Сергей закрыл глаза. Последний раз они говорили полгода назад — короткий, скомканный разговор. Дед спросил, когда тот приедет, Сергей что-то пробормотал про завал на работе. А восьмидесятилетие... Он даже не позвонил.
— Я выезжаю.
— Не тяни, — отрезала она и бросила трубку.
* * *
Дорога в Переделкино заняла два часа. Сергей ехал молча, стиснув зубы. В голове — каша из цифр, сроков, невыполненных обязательств, перемешанных с детскими воспоминаниями. Он вспомнил, как дед учил его разбирать старые часы на веранде. «Терпение, Сережа, — говорил он. — В жизни, как в механизме — важно каждое колесико».
Машина свернула на знакомую улицу. Дом №17 — бревенчатый, с резными наличниками. Краска облезла, крыльцо слегка покосилось, но дом стоял — крепкий, несмотря на почтенный возраст.
Лидия Семеновна возилась во дворе, сгребая граблями опавшие листья.

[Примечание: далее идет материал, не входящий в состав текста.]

lemma (in prob_space) AE_eventually_small_increments:
  fixes G :: "real \<Rightarrow> 'a \<Rightarrow> real" and A r q d \<rho> :: real
  defines "\<beta> \<equiv> 2 powr (1 - r) / \<rho> powr q"
  assumes meas: "\<And>t. 0 \<le> t \<Longrightarrow> G t \<in> borel_measurable M"
    and tail: "\<And>s t a. 0 \<le> s \<Longrightarrow> 0 \<le> t \<Longrightarrow> 0 < a \<Longrightarrow>
      prob {x\<in>space M. a \<le> \<bar>G t x - G s x\<bar>} \<le> A * \<bar>t - s\<bar> powr r / a powr q"
    and "0 \<le> A" "0 < \<rho>" "\<rho> < 1" "\<beta> < 1" "0 \<le> r" "0 < q" "(r + 1) / q < d"
  shows "AE x in M. \<forall>\<^sub>F n in sequentially.
    \<bar>G (real n) x - G 0 x\<bar> < (real n + 1) powr d \<and>
    x \<notin> large_dyadic_increments M G (real n) (\<lambda>l. (real n + 1) powr d * (1 - \<rho>) * \<rho>^l)"
proof -
  define b where "b n = (real n + 1) powr d" for n :: nat
  define D where "D n = large_dyadic_increments M G (real n) (\<lambda>l. b n * (1 - \<rho>) * \<rho>^l)" for n
  define S where "S n = {x\<in>space M. b n \<le> \<bar>G (real n) x - G 0 x\<bar>}" for n
  define B where "B n = S n \<union> D n" for n
  define C where "C = A + A / ((1 - \<rho>) powr q * (1 - \<beta>))"
  have b_pos: "0 < b n" for n
    unfolding b_def by simp
  have D: "D n \<in> events" "prob (D n) \<le> A / ((b n * (1 - \<rho>)) powr q * (1 - \<beta>))" for n
    using large_dyadic_increments_bound[where s="real n" and b="b n", OF meas tail \<open>0 \<le> A\<close> _ b_pos
        \<open>0 < \<rho>\<close> \<open>\<rho> < 1\<close> \<open>\<beta> < 1\<close>[unfolded \<beta>_def]]
    unfolding D_def \<beta>_def by simp_all
  have S_sets: "S n \<in> events" for n
  proof -
    have [measurable]: "G (real n) \<in> borel_measurable M" "G 0 \<in> borel_measurable M"
      using meas by simp_all
    show ?thesis
      unfolding S_def by measurable
  qed
  then have B_sets: "B n \<in> events" for n
    unfolding B_def using D(1) by auto
  have B_bound: "prob (B n) \<le> C * (real n + 1) powr (r - d * q)" for n
  proof -
    have b_powr: "b n powr q = (real n + 1) powr (d * q)"
      unfolding b_def by (simp add: powr_powr)
    have "prob (B n) \<le> prob (S n) + prob (D n)"
      unfolding B_def using S_sets D(1) by (intro measure_Un_le)
    also have "prob (S n) \<le> A * real n powr r / b n powr q"
      unfolding S_def using tail[of 0 "real n" "b n"] b_pos by simp
    also have "\<dots> \<le> A * ((real n + 1) powr r / (real n + 1) powr (d * q))"
      unfolding b_powr times_divide_eq_right[symmetric] using \<open>0 \<le> A\<close> \<open>0 \<le> r\<close>
      by (intro mult_left_mono divide_right_mono powr_mono2) auto
    also have "prob (D n) \<le> A / ((1 - \<rho>) powr q * (1 - \<beta>)) / (real n + 1) powr (d * q)"
    proof -
      have "(b n * (1 - \<rho>)) powr q = (1 - \<rho>) powr q * (real n + 1) powr (d * q)"
        using \<open>\<rho> < 1\<close> b_pos[of n] by (simp add: powr_mult b_powr mult.commute)
      then show ?thesis
        using D(2)[of n] by (simp add: mult_ac)
    qed
    also have "\<dots> \<le> A / ((1 - \<rho>) powr q * (1 - \<beta>)) * ((real n + 1) powr r / (real n + 1) powr (d * q))"
    proof -
      have one_le: "1 / (real n + 1) powr (d * q) \<le> (real n + 1) powr r / (real n + 1) powr (d * q)"
        using \<open>0 \<le> r\<close> by (intro divide_right_mono ge_one_powr_ge_zero) auto
      show ?thesis
        using mult_left_mono[OF one_le, of "A / ((1 - \<rho>) powr q * (1 - \<beta>))"] \<open>0 \<le> A\<close> \<open>\<beta> < 1\<close>
        by simp
    qed
    finally show ?thesis
      unfolding C_def by (simp add: powr_diff algebra_simps)
  qed
  have "r - d * q < -1"
    using \<open>(r + 1) / q < d\<close> \<open>0 < q\<close> by (simp add: field_simps)
  then have "summable (\<lambda>n. (real n + 1) powr (r - d * q))"
    by (rule summable_real_Suc_powr)
  then have "summable (\<lambda>n. C * (real n + 1) powr (r - d * q))"
    by (rule summable_mult)
  then have "summable (\<lambda>n. prob (B n))"
    by (rule summable_comparison_test') (use B_bound in simp)
  then have "AE x in M. \<forall>\<^sub>F n in sequentially. x \<in> space M - B n"
    using B_sets by (intro borel_cantelli_AE1) (auto simp: emeasure_eq_measure)
  then show ?thesis
    by (elim eventually_mono) (auto simp: B_def S_def D_def b_def not_le)
qed

lemma (in prob_space) growth_bound_of_increment_tail:
  fixes G :: "real \<Rightarrow> 'a \<Rightarrow> real" and A r q d :: real
  assumes meas: "\<And>t. 0 \<le> t \<Longrightarrow> G t \<in> borel_measurable M"
    and cont: "\<forall>x\<in>space M. continuous_on {0..} (\<lambda>t. G t x)"
    and tail: "\<And>s t a. 0 \<le> s \<Longrightarrow> 0 \<le> t \<Longrightarrow> 0 < a \<Longrightarrow>
      prob {x\<in>space M. a \<le> \<bar>G t x - G s x\<bar>} \<le> A * \<bar>t - s\<bar> powr r / a powr q"
    and G0: "AE x in M. G 0 x = 0"
    and "0 \<le> A" "1 < r" "0 < q" "(r + 1) / q < d"
  shows "AE x in M. \<exists>N. \<forall>t\<ge>N. \<bar>G t x\<bar> \<le> 2 * (t + 1) powr d"
proof -
  have "0 < (r + 1) / q"
    using \<open>1 < r\<close> \<open>0 < q\<close> by simp
  then have "0 < d"
    using \<open>(r + 1) / q < d\<close> by linarith
  (* This ratio makes the level-l bounds 2^l * 2^(-l r) / rho^(l q) of large_dyadic_increments_bound
     decay geometrically, with ratio 2 powr ((1 - r) / 2). *)
  define \<rho> where "\<rho> = 2 powr ((1 - r) / (2 * q))"
  have "0 < \<rho>" "\<rho> < 1"
    unfolding \<rho>_def using \<open>1 < r\<close> \<open>0 < q\<close> by (auto intro!: powr_less_one simp: divide_neg_pos)
  have exponent: "(1 - r) / (2 * q) * q = (1 - r) / 2"
    using \<open>0 < q\<close> by simp
  have "2 powr (1 - r) / \<rho> powr q = 2 powr ((1 - r) - (1 - r) / 2)"
    unfolding \<rho>_def powr_powr exponent powr_diff ..
  also have "\<dots> = 2 powr ((1 - r) / 2)"
    by (rule arg_cong[where f="(powr) 2"]) (simp add: field_simps)
  also have "\<dots> < 1"
    using \<open>1 < r\<close> by (intro powr_less_one) auto
  finally have \<beta>: "2 powr (1 - r) / \<rho> powr q < 1" .
  have small: "AE x in M. \<forall>\<^sub>F n in sequentially.
      \<bar>G (real n) x - G 0 x\<bar> < (real n + 1) powr d \<and>
      x \<notin> large_dyadic_increments M G (real n) (\<lambda>l. (real n + 1) powr d * (1 - \<rho>) * \<rho>^l)"
    using AE_eventually_small_increments[OF meas tail \<open>0 \<le> A\<close> \<open>0 < \<rho>\<close> \<open>\<rho> < 1\<close> \<beta> _ \<open>0 < q\<close>
      \<open>(r + 1) / q < d\<close>] \<open>1 < r\<close> by simp
  show ?thesis
    using small G0 AE_space
  proof eventually_elim
    case (elim x)
    then obtain N where N: "\<And>n. N \<le> n \<Longrightarrow> \<bar>G (real n) x - G 0 x\<bar> < (real n + 1) powr d \<and>
      x \<notin> large_dyadic_increments M G (real n) (\<lambda>l. (real n + 1) powr d * (1 - \<rho>) * \<rho>^l)"
      by (auto simp: eventually_sequentially)
    have "\<bar>G t x\<bar> \<le> 2 * (t + 1) powr d" if "real N \<le> t" for t
    proof -
      define n where "n = nat \<lfloor>t\<rfloor>"
      have "N \<le> n" "t \<in> {real n..real n + 1}"
        using that unfolding n_def by (auto simp: le_nat_floor)
      let ?b = "(real n + 1) powr d"
      have steps: "\<bar>G (real n + real (i+1) / 2^l) x - G (real n + real i / 2^l) x\<bar> \<le> ?b * (1 - \<rho>) * \<rho>^l"
        if "i < 2^l" for l i
      proof -
        have "x \<notin> {y\<in>space M. ?b * (1 - \<rho>) * \<rho>^l \<le>
            \<bar>G (real n + real (i+1) / 2^l) y - G (real n + real i / 2^l) y\<bar>}"
          using N[OF \<open>N \<le> n\<close>] that unfolding large_dyadic_increments_def by blast
        then show ?thesis
          using elim by auto
      qed
      have "\<bar>G t x\<bar> \<le> 2 * ?b"
        by (rule abs_le_of_dyadic_increments[OF _ _ \<open>0 < \<rho>\<close> \<open>\<rho> < 1\<close> steps \<open>t \<in> {real n..real n + 1}\<close>])
          (use cont elim N[OF \<open>N \<le> n\<close>] in \<open>auto intro: continuous_on_subset\<close>)
      also have "?b \<le> (t + 1) powr d"
        using \<open>t \<in> {real n..real n + 1}\<close> \<open>0 < d\<close> by (intro powr_mono2) auto
      finally show ?thesis
        by simp
    qed
    then show ?case
      by blast
  qed
qed

lemma (in prob_space) gaussian_process_growth_bound:
  fixes G :: "real \<Rightarrow> 'a \<Rightarrow> real"
  assumes gp: "gaussian_process M G"
    and incr: "\<forall>s\<ge>0. \<forall>t\<ge>0. expectation (\<lambda>x. (G t x - G s x)\<^sup>2) \<le> c * \<bar>t - s\<bar> powr (2 * \<gamma>)"
    and cont: "\<forall>x\<in>space M. continuous_on {0..} (\<lambda>t. G t x)"
    and G0: "AE x in M. G 0 x = 0"
    and "0 \<le> c" "0 < \<gamma>" "\<gamma> < d"
  shows "AE x in M. \<exists>N. \<forall>t\<ge>N. \<bar>G t x\<bar> \<le> 2 * (t + 1) powr d"
proof -
  (* Moments of order q = 2k give r = 2 gamma k > 1 and (r + 1) / q = gamma + 1 / (2k) < d. *)
  obtain k :: nat where k: "1 / (2 * \<gamma>) + 1 / (2 * (d - \<gamma>)) < k"
    using reals_Archimedean2 by blast
  have "0 < 1 / (2 * \<gamma>)" "0 < 1 / (2 * (d - \<gamma>))"
    using \<open>0 < \<gamma>\<close> \<open>\<gamma> < d\<close> by simp_all
  then have "1 / (2 * \<gamma>) < k" "1 / (2 * (d - \<gamma>)) < k"
    using k by linarith+
  then have "0 < k"
    using \<open>0 < 1 / (2 * \<gamma>)\<close> by linarith
  have "1 < 2 * \<gamma> * k" "1 / (2 * k) < d - \<gamma>"
    using \<open>1 / (2 * \<gamma>) < k\<close> \<open>1 / (2 * (d - \<gamma>)) < k\<close> \<open>0 < k\<close> \<open>0 < \<gamma>\<close> \<open>\<gamma> < d\<close>
    by (auto simp: divide_less_eq mult.commute mult.left_commute)
  then have "(2 * \<gamma> * k + 1) / (2 * k) < d"
    using \<open>0 < k\<close> by (simp add: add_divide_distrib)
  have meas: "\<And>t. 0 \<le> t \<Longrightarrow> G t \<in> borel_measurable M"
    using gp unfolding gaussian_process_def by blast
  have tail: "prob {x\<in>space M. a \<le> \<bar>G t x - G s x\<bar>}
      \<le> (2 * 4^k * fact (2*k) * c^k) * \<bar>t - s\<bar> powr (2 * \<gamma> * k) / a powr (2 * k)"
    if "0 \<le> s" "0 \<le> t" "0 < a" for s t a
    using gaussian_process_increment_tail[OF gp incr that \<open>0 < k\<close>] by simp
  show ?thesis
    by (rule growth_bound_of_increment_tail[OF meas cont tail G0])
      (use \<open>0 \<le> c\<close> \<open>0 < k\<close> \<open>1 < 2 * \<gamma> * k\<close> \<open>(2 * \<gamma> * k + 1) / (2 * k) < d\<close> in auto)
qed

lemma locally_holder_nonneg_continuous_on:
  assumes "locally_holder_nonneg \<alpha> f" and "0 < \<alpha>"
  shows "continuous_on {0..} f"
  unfolding continuous_on_iff
proof (intro ballI allI impI)
  fix x e :: real assume "x \<in> {0..}" "0 < e"
  then obtain C where C: "\<forall>s\<in>{0..x+1}. \<forall>t\<in>{0..x+1}. \<bar>f t - f s\<bar> \<le> C * \<bar>t - s\<bar> powr \<alpha>"
    using assms(1) unfolding locally_holder_nonneg_def by (meson atLeast_iff add_nonneg_nonneg zero_le_one)
  define \<epsilon> where "\<epsilon> = e / (\<bar>C\<bar> + 1)"
  have "0 < \<epsilon>"
    unfolding \<epsilon>_def using \<open>0 < e\<close> by simp
  show "\<exists>d>0. \<forall>y\<in>{0..}. dist y x < d \<longrightarrow> dist (f y) (f x) < e"
  proof (intro exI[of _ "min 1 (\<epsilon> powr (1/\<alpha>))"] conjI ballI impI)
    fix y assume "y \<in> {0..}" and close: "dist y x < min 1 (\<epsilon> powr (1/\<alpha>))"
    have "\<bar>y - x\<bar> powr \<alpha> < (\<epsilon> powr (1/\<alpha>)) powr \<alpha>"
      using close \<open>0 < \<alpha>\<close> by (intro powr_less_mono2) (auto simp: dist_real_def)
    also have "\<dots> = \<epsilon>"
      using \<open>0 < \<epsilon>\<close> \<open>0 < \<alpha>\<close> by (simp add: powr_powr)
    finally have "\<bar>C\<bar> * \<bar>y - x\<bar> powr \<alpha> \<le> \<bar>C\<bar> * \<epsilon>"
      by (intro mult_left_mono) auto
    also have "\<bar>C\<bar> * \<epsilon> < e"
      unfolding \<epsilon>_def using \<open>0 < e\<close> by (simp add: field_simps)
    moreover have "\<bar>f y - f x\<bar> \<le> \<bar>C\<bar> * \<bar>y - x\<bar> powr \<alpha>"
    proof -
      have "y \<in> {0..x+1}"
        using close \<open>y \<in> {0..}\<close> by (auto simp: dist_real_def)
      then have "\<bar>f y - f x\<bar> \<le> C * \<bar>y - x\<bar> powr \<alpha>"
        using C \<open>x \<in> {0..}\<close> by simp
      also have "\<dots> \<le> \<bar>C\<bar> * \<bar>y - x\<bar> powr \<alpha>"
        by (intro mult_right_mono) auto
      finally show ?thesis .
    qed
    ultimately show "dist (f y) (f x) < e"
      by (simp add: dist_real_def)
  qed (use \<open>0 < \<epsilon>\<close> in simp)
qed

lemma tendsto_zero_of_powr_bound:
  fixes g :: "real \<Rightarrow> real"
  assumes "\<forall>t\<ge>N. \<bar>g t\<bar> \<le> H * (t + 1) powr d" and "d < \<delta>"
  shows "((\<lambda>T. g T / T powr \<delta>) \<longlongrightarrow> 0) at_top"
proof (rule Lim_null_comparison)
  show "\<forall>\<^sub>F T in at_top. norm (g T / T powr \<delta>) \<le> H * ((T + 1) powr d / T powr \<delta>)"
    using eventually_ge_at_top[of "max N 1"]
  proof eventually_elim
    case (elim T)
    then have "\<bar>g T\<bar> / T powr \<delta> \<le> H * (T + 1) powr d / T powr \<delta>"
      using assms(1) by (intro divide_right_mono) auto
    then show ?case
      by simp
  qed
  show "((\<lambda>T. H * ((T + 1) powr d / T powr \<delta>)) \<longlongrightarrow> 0) at_top"
    using \<open>d < \<delta>\<close> by (intro tendsto_mult_right_zero) real_asymp
qed
(* Let $\beta,\gamma\in\mathbb{C}$ with $\gamma\neq1$ and $\beta\neq\gamma$, let $c\in\mathbb{C}\setminus\{0\}$, and for index $n$ consider the discrete system for $(x_n,y_n)$ \[ (x_{n+1}+y_n)(x_n+y_n)=\frac{\gamma-1}{c^2}\,y_n(y_n-c)\Big(y_n-c\frac{\gamma-\beta}{\gamma-1}\Big),\quad (x_n+y_{n-1})(x_n+y_n)=\frac{x_n(x_n+c)}{x_n-\frac{cn}{\gamma-1}}\Big(x_n+c\frac{\gamma-\beta}{\gamma-1}\Big), \] together with the differential system in $c$ \[ \begin{aligned} \frac{dx}{dc}&=\frac{(n+1)x+ny}{c}-\frac{\gamma-1}{c^2}x(x+y)+\frac{x(x+c)\big(c(\gamma-\beta)+(\gamma-1)x\big)}{c^2(x+y)},\\ \frac{dy}{dc}&=-x+\frac{y}{c}+y\Big(-1+\frac{(\beta-1)(y-c)}{c(x+y)}+\frac{(\gamma-1)(y-c)^2}{c^2(x+y)}\Big). \end{aligned} \] Define the birational change of variables and parameter identification \[ q=\frac{(\gamma-1)y(y-c)}{c^2(x+y)},\qquad p=\frac{c(x+c)}{y-c}+\frac{c^2(\gamma+n+1-\beta)(x+y)}{c^2x+y\big(c(\gamma+c-1)-(\gamma-1)y\big)},\qquad t=c, \] \[ a_0=n+1,\quad a_1=\gamma-1,\quad a_2=2-\beta,\quad a_3=-\gamma-n. \] Then this change of variables simultaneously transforms the discrete system into the discrete Painlev\'e equation \[ q_{n+1}=\frac{p_n+t}{t}\Big(1-\frac{a_0+a_1}{a_0+(p_n+t)q_n}\Big),\qquad p_{n+1}=\frac{1}{1-q_{n+1}}\Big(a_2+\frac{(a_0+a_1)p_n}{t+p_n-t\,q_{n+1}}\Big), \] with parameter evolution $n\mapsto n+1$ given by $(a_0,a_1,a_2,a_3)\mapsto(a_0+1,a_1,a_2,a_3-1)$ (the $a_i$ in the equations being those at index $n$), and transforms the differential system into the Hamiltonian system \[ \frac{dq}{dt}=\frac{1}{t}\Big(q(q-1)(2p+t)-a_1(q-1)-a_3q\Big),\qquad \frac{dp}{dt}=\frac{1}{t}\Big(p(p+t)(1-2q)+(a_1+a_3)p-a_2t\Big). \]
   Context: The discrete system arises from the recurrence coefficients of polynomials orthogonal with respect to the generalised Meixner weight $\frac{(\gamma)_kc^k}{(\beta)_kk!}$ on $\mathbb{Z}_{\ge0}$. The Hamiltonian system is a Hamiltonian form of the fifth Painlev\'e equation, with $a_0+a_1+a_2+a_3=1$. *)

theory Defs
  imports "HOL-Analysis.Analysis"
begin

definition qv :: "complex \<Rightarrow> complex \<Rightarrow> complex \<Rightarrow> complex \<Rightarrow> complex" where
  "qv \<gamma> c x y = (\<gamma> - 1) * y * (y - c) / (c\<^sup>2 * (x + y))"

definition pv :: "complex \<Rightarrow> complex \<Rightarrow> nat \<Rightarrow> complex \<Rightarrow> complex \<Rightarrow> complex \<Rightarrow> complex" where
  "pv \<beta> \<gamma> n c x y =
     c * (x + c) / (y - c)
     + c\<^sup>2 * (\<gamma> + of_nat n + 1 - \<beta>) * (x + y)
       / (c\<^sup>2 * x + y * (c * (\<gamma> + c - 1) - (\<gamma> - 1) * y))"

text \<open>Parameter identification at index n (a3 chosen so that a0+a1+a2+a3 = 1).\<close>

definition a0 :: "nat \<Rightarrow> complex" where "a0 n = of_nat n + 1"
definition a1 :: "complex \<Rightarrow> complex" where "a1 \<gamma> = \<gamma> - 1"
definition a2 :: "complex \<Rightarrow> complex" where "a2 \<beta> = 2 - \<beta>"
definition a3 :: "complex \<Rightarrow> complex \<Rightarrow> nat \<Rightarrow> complex" where
  "a3 \<beta> \<gamma> n = \<beta> - \<gamma> - of_nat n - 1"

end

(*
  Write k = gamma - 1, r = gamma - beta and L = gamma + n + 1 - beta.  The change of variables
  satisfies  c^2 (x + y) q = k y (y - c)  and  p = c (x + c) / (y - c) + L / (1 - q).

  Discrete system: put P = p + c, A = a0 + P q and E = A - P.  The first equation solves to
  x_{n+1} = c q E / k, and then the second one to y_{n+1} = c E (k - q P) / (k A).  Substituting
  into the definitions gives q_{n+1} = P (q P - k) / (c A) and c + p - c q_{n+1} = P (a0 + k) / A,
  from which both equations of the discrete Painleve system follow.

  Differential system: the chain rule for q gives the Hamiltonian equation for q once denominators
  are cleared modulo the relation defining q.  For p, write p = z + L / (1 - q) with
  z = c (x + c) / (y - c), so that p' = z' + L q' / (1 - q)^2.  The derivative z' is a quadratic in z
  with coefficients in q, and in the Hamiltonian p-equation minus L q' / (1 - q)^2 all powers of
  1 / (1 - q) cancel, leaving the same quadratic.
*)
theory Submission
  imports Defs
begin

Увидев его, выпрямилась, оперлась на черенок. В уголке рта — «Беломор», чей огонек мерцал в прозрачном осеннем воздухе.
— Быстро же ты приехал. Думала, опять на месяц потеряешься.
— Лидия Семеновна... — он не знал, что сказать.
— Заходи.
Она воткнула грабли в кучу листьев и затушила окурок о подошву сапога.
* * *
Кабинет остался в точности таким, как Сергей помнил. На дубовом столе — очки в толстой оправе, чернильница с золотым пером. Там же лежала незаконченная страница с переводом ― последним, с которым работал Александр Иванович Морозов, известный на всю страну советский и российский лингвист.
— Он кое-что для тебя оставил, — сказала Лидия Семеновна. Она достала из ящика стола потрепанную тетрадь. На обложке — размашистая надпись: «Для Сережи».
Сергей распахнул ставни. Солнечный свет хлынул в комнату, высветив пылинки, которые закружились в воздухе.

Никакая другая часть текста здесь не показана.